Work out how many lines below contain the word "UNIV", then give that number alone.

**********

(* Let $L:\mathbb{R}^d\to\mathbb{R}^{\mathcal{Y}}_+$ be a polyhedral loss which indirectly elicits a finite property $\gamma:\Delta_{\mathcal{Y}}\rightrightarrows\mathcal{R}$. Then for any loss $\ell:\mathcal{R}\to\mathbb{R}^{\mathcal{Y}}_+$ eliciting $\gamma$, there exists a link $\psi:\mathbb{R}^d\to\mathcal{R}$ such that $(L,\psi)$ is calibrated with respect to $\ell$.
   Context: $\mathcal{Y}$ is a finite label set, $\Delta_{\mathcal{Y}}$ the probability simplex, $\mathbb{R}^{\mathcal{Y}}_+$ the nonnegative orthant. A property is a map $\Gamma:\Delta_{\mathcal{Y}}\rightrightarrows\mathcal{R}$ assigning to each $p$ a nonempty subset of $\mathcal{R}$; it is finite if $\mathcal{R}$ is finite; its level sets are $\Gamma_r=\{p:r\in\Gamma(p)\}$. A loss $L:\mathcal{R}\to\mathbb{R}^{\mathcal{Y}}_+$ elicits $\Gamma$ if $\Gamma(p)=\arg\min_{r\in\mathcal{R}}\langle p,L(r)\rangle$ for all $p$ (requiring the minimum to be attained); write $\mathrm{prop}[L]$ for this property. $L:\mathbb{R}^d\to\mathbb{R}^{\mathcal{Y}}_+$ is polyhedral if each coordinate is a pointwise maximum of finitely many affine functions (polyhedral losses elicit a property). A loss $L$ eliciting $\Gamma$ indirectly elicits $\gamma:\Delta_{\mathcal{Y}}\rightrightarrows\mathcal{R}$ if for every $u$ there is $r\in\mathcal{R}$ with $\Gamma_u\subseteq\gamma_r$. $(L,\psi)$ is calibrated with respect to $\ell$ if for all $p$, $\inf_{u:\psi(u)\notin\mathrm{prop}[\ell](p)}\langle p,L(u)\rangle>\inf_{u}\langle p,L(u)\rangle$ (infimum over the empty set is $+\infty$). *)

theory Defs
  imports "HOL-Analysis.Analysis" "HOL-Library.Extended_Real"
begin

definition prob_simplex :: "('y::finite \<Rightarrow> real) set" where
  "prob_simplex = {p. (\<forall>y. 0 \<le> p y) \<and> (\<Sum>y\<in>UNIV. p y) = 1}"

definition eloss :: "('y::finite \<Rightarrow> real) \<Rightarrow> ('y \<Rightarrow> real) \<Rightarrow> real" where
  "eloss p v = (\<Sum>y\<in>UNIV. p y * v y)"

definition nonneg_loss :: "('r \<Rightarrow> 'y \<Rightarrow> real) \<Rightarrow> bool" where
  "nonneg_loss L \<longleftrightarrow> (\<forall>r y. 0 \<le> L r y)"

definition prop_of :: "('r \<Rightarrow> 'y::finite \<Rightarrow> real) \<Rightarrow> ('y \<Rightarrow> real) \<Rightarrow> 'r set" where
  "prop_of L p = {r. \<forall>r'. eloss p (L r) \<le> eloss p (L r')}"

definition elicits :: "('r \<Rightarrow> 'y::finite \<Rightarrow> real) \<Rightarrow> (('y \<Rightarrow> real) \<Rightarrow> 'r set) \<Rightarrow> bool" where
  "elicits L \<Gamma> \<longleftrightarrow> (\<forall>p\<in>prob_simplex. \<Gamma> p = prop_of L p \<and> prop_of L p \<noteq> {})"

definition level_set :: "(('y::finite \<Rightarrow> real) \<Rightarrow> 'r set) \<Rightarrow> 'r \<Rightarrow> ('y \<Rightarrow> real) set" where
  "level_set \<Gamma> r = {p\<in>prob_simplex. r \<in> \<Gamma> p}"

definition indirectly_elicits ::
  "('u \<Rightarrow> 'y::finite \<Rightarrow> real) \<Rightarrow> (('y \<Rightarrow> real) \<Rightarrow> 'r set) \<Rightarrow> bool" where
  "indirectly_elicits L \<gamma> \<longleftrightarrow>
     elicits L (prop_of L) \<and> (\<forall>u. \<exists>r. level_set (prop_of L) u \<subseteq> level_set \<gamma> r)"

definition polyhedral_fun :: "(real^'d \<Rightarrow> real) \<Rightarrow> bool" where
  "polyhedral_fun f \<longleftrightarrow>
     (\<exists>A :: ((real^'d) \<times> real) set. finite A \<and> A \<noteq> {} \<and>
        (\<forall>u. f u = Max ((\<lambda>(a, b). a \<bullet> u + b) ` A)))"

**********

* [Result of this exercise] 2